* _What you have to do_:
Copy the data exactly, keeping every line intact.

* _Source records_:

(* Fix $\alpha\in(0,1)$ and let $\mathcal{D}_\alpha=\{d\in(0,\min\{(1-\alpha)\varphi_{\max},\psi_{\max}\}): \psi_\alpha^{-1}(d)<s_{\rm in}\}$, where $$\psi_\alpha^{-1}(d)=\varphi^{-1}\!\left(\frac{d}{1-\alpha}\right)+\frac{\psi^{-1}(d)}{\alpha\beta\gamma}.$$ Then $\mathcal D_\alpha$ is an interval (of the form $(0,\psi_\alpha(s_{\rm in}))$), $f_0^*(\alpha,d)=\big(s_{\rm in}-\psi_\alpha^{-1}(d)\big)\dfrac{\alpha\beta\gamma\, d}{\mu^{-1}(d)}>0$ on $\mathcal D_\alpha$, and $d\mapsto f_0^*(\alpha,d)$ is strictly log-concave on $\mathcal D_\alpha$.
   Context: All parameters $s_{\rm in},\gamma,\beta,\varphi_{\max},k_s,\rho_{\max},k_v,q_{\min},\mu_{\max}$ are strictly positive. $\varphi(s)=\frac{\varphi_{\max}s}{k_s+s}$, $\rho(v)=\frac{\rho_{\max}v}{k_v+v}$ on $[0,\infty)$, $\mu(q)=\mu_{\max}(1-q_{\min}/q)$ on $[q_{\min},\infty)$, with inverses $\varphi^{-1}:[0,\varphi_{\max})\to[0,\infty)$, $\mu^{-1}:[0,\mu_{\max})\to[q_{\min},\infty)$, $\rho^{-1}:[0,\rho_{\max})\to[0,\infty)$. $\psi_{\max}=\frac{\mu_{\max}\rho_{\max}}{\rho_{\max}+q_{\min}\mu_{\max}}$ and $\psi^{-1}(y)=\rho^{-1}(y\,\mu^{-1}(y))$ for $y\in[0,\psi_{\max})$. $f_0^*(\alpha,d)=\frac{d\,(v_{\rm in}^*(\alpha,d)-\psi^{-1}(d))}{\mu^{-1}(d)}$ with $v_{\rm in}^*(\alpha,d)=\alpha\beta\gamma\big(s_{\rm in}-\varphi^{-1}(d/(1-\alpha))\big)$. *)

theory Defs
  imports "HOL-Analysis.Analysis"
begin

definition strict_concave_on :: "real set \<Rightarrow> (real \<Rightarrow> real) \<Rightarrow> bool" where
  "strict_concave_on S f \<longleftrightarrow>
     (\<forall>x\<in>S. \<forall>y\<in>S. x \<noteq> y \<longrightarrow> (\<forall>t. 0 < t \<and> t < 1 \<longrightarrow>
        f ((1 - t) * x + t * y) > (1 - t) * f x + t * f y))"

(* Inverses of phi(s) = phimax s/(ks+s), rho(v) = rhomax v/(kv+v),
   mu(q) = mumax (1 - qmin/q), written in closed form on their ranges. *)
definition phi_inv :: "real \<Rightarrow> real \<Rightarrow> real \<Rightarrow> real" where
  "phi_inv phimax ks y = ks * y / (phimax - y)"

definition rho_inv :: "real \<Rightarrow> real \<Rightarrow> real \<Rightarrow> real" where
  "rho_inv rhomax kv y = kv * y / (rhomax - y)"

definition mu_inv :: "real \<Rightarrow> real \<Rightarrow> real \<Rightarrow> real" where
  "mu_inv qmin mumax y = qmin * mumax / (mumax - y)"

definition psi_max :: "real \<Rightarrow> real \<Rightarrow> real \<Rightarrow> real" where
  "psi_max rhomax qmin mumax = mumax * rhomax / (rhomax + qmin * mumax)"

definition psi_inv :: "real \<Rightarrow> real \<Rightarrow> real \<Rightarrow> real \<Rightarrow> real \<Rightarrow> real" where
  "psi_inv rhomax kv qmin mumax y = rho_inv rhomax kv (y * mu_inv qmin mumax y)"

definition v_in_star ::
  "real \<Rightarrow> real \<Rightarrow> real \<Rightarrow> real \<Rightarrow> real \<Rightarrow> real \<Rightarrow> real \<Rightarrow> real" where
  "v_in_star s_in gamma beta phimax ks alpha d =
     alpha * beta * gamma * (s_in - phi_inv phimax ks (d / (1 - alpha)))"

definition f0_star ::
  "real \<Rightarrow> real \<Rightarrow> real \<Rightarrow> real \<Rightarrow> real \<Rightarrow> real \<Rightarrow> real \<Rightarrow> real \<Rightarrow> real \<Rightarrow>
   real \<Rightarrow> real \<Rightarrow> real" where
  "f0_star s_in gamma beta phimax ks rhomax kv qmin mumax alpha d =
     d * (v_in_star s_in gamma beta phimax ks alpha d - psi_inv rhomax kv qmin mumax d)
       / mu_inv qmin mumax d"

definition psi_alpha_inv ::
  "real \<Rightarrow> real \<Rightarrow> real \<Rightarrow> real \<Rightarrow> real \<Rightarrow> real \<Rightarrow> real \<Rightarrow> real \<Rightarrow>
   real \<Rightarrow> real \<Rightarrow> real" where
  "psi_alpha_inv gamma beta phimax ks rhomax kv qmin mumax alpha d =
     phi_inv phimax ks (d / (1 - alpha))
       + psi_inv rhomax kv qmin mumax d / (alpha * beta * gamma)"

definition D_alpha ::
  "real \<Rightarrow> real \<Rightarrow> real \<Rightarrow> real \<Rightarrow> real \<Rightarrow> real \<Rightarrow> real \<Rightarrow> real \<Rightarrow> real \<Rightarrow>
   real \<Rightarrow> real set" where
  "D_alpha s_in gamma beta phimax ks rhomax kv qmin mumax alpha =
     {d. 0 < d \<and> d < min ((1 - alpha) * phimax) (psi_max rhomax qmin mumax) \<and>
         psi_alpha_inv gamma beta phimax ks rhomax kv qmin mumax alpha d < s_in}"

* _Response to this task_:
(* Fix $\alpha\in(0,1)$ and let $\mathcal{D}_\alpha=\{d\in(0,\min\{(1-\alpha)\varphi_{\max},\psi_{\max}\}): \psi_\alpha^{-1}(d)<s_{\rm in}\}$, where $$\psi_\alpha^{-1}(d)=\varphi^{-1}\!\left(\frac{d}{1-\alpha}\right)+\frac{\psi^{-1}(d)}{\alpha\beta\gamma}.$$ Then $\mathcal D_\alpha$ is an interval (of the form $(0,\psi_\alpha(s_{\rm in}))$), $f_0^*(\alpha,d)=\big(s_{\rm in}-\psi_\alpha^{-1}(d)\big)\dfrac{\alpha\beta\gamma\, d}{\mu^{-1}(d)}>0$ on $\mathcal D_\alpha$, and $d\mapsto f_0^*(\alpha,d)$ is strictly log-concave on $\mathcal D_\alpha$.
   Context: All parameters $s_{\rm in},\gamma,\beta,\varphi_{\max},k_s,\rho_{\max},k_v,q_{\min},\mu_{\max}$ are strictly positive. $\varphi(s)=\frac{\varphi_{\max}s}{k_s+s}$, $\rho(v)=\frac{\rho_{\max}v}{k_v+v}$ on $[0,\infty)$, $\mu(q)=\mu_{\max}(1-q_{\min}/q)$ on $[q_{\min},\infty)$, with inverses $\varphi^{-1}:[0,\varphi_{\max})\to[0,\infty)$, $\mu^{-1}:[0,\mu_{\max})\to[q_{\min},\infty)$, $\rho^{-1}:[0,\rho_{\max})\to[0,\infty)$. $\psi_{\max}=\frac{\mu_{\max}\rho_{\max}}{\rho_{\max}+q_{\min}\mu_{\max}}$ and $\psi^{-1}(y)=\rho^{-1}(y\,\mu^{-1}(y))$ for $y\in[0,\psi_{\max})$. $f_0^*(\alpha,d)=\frac{d\,(v_{\rm in}^*(\alpha,d)-\psi^{-1}(d))}{\mu^{-1}(d)}$ with $v_{\rm in}^*(\alpha,d)=\alpha\beta\gamma\big(s_{\rm in}-\varphi^{-1}(d/(1-\alpha))\big)$. *)

theory Defs
  imports "HOL-Analysis.Analysis"
begin

definition strict_concave_on :: "real set \<Rightarrow> (real \<Rightarrow> real) \<Rightarrow> bool" where
  "strict_concave_on S f \<longleftrightarrow>
     (\<forall>x\<in>S. \<forall>y\<in>S. x \<noteq> y \<longrightarrow> (\<forall>t. 0 < t \<and> t < 1 \<longrightarrow>
        f ((1 - t) * x + t * y) > (1 - t) * f x + t * f y))"

(* Inverses of phi(s) = phimax s/(ks+s), rho(v) = rhomax v/(kv+v),
   mu(q) = mumax (1 - qmin/q), written in closed form on their ranges. *)
definition phi_inv :: "real \<Rightarrow> real \<Rightarrow> real \<Rightarrow> real" where
  "phi_inv phimax ks y = ks * y / (phimax - y)"

definition rho_inv :: "real \<Rightarrow> real \<Rightarrow> real \<Rightarrow> real" where
  "rho_inv rhomax kv y = kv * y / (rhomax - y)"

definition mu_inv :: "real \<Rightarrow> real \<Rightarrow> real \<Rightarrow> real" where
  "mu_inv qmin mumax y = qmin * mumax / (mumax - y)"

definition psi_max :: "real \<Rightarrow> real \<Rightarrow> real \<Rightarrow> real" where
  "psi_max rhomax qmin mumax = mumax * rhomax / (rhomax + qmin * mumax)"

definition psi_inv :: "real \<Rightarrow> real \<Rightarrow> real \<Rightarrow> real \<Rightarrow> real \<Rightarrow> real" where
  "psi_inv rhomax kv qmin mumax y = rho_inv rhomax kv (y * mu_inv qmin mumax y)"

definition v_in_star ::
  "real \<Rightarrow> real \<Rightarrow> real \<Rightarrow> real \<Rightarrow> real \<Rightarrow> real \<Rightarrow> real \<Rightarrow> real" where
  "v_in_star s_in gamma beta phimax ks alpha d =
     alpha * beta * gamma * (s_in - phi_inv phimax ks (d / (1 - alpha)))"

definition f0_star ::
  "real \<Rightarrow> real \<Rightarrow> real \<Rightarrow> real \<Rightarrow> real \<Rightarrow> real \<Rightarrow> real \<Rightarrow> real \<Rightarrow> real \<Rightarrow>
   real \<Rightarrow> real \<Rightarrow> real" where
  "f0_star s_in gamma beta phimax ks rhomax kv qmin mumax alpha d =
     d * (v_in_star s_in gamma beta phimax ks alpha d - psi_inv rhomax kv qmin mumax d)
       / mu_inv qmin mumax d"

definition psi_alpha_inv ::
  "real \<Rightarrow> real \<Rightarrow> real \<Rightarrow> real \<Rightarrow> real \<Rightarrow> real \<Rightarrow> real \<Rightarrow> real \<Rightarrow>
   real \<Rightarrow> real \<Rightarrow> real" where
  "psi_alpha_inv gamma beta phimax ks rhomax kv qmin mumax alpha d =
     phi_inv phimax ks (d / (1 - alpha))
       + psi_inv rhomax kv qmin mumax d / (alpha * beta * gamma)"

definition D_alpha ::
  "real \<Rightarrow> real \<Rightarrow> real \<Rightarrow> real \<Rightarrow> real \<Rightarrow> real \<Rightarrow> real \<Rightarrow> real \<Rightarrow> real \<Rightarrow>
   real \<Rightarrow> real set" where
  "D_alpha s_in gamma beta phimax ks rhomax kv qmin mumax alpha =
     {d. 0 < d \<and> d < min ((1 - alpha) * phimax) (psi_max rhomax qmin mumax) \<and>
         psi_alpha_inv gamma beta phimax ks rhomax kv qmin mumax alpha d < s_in}"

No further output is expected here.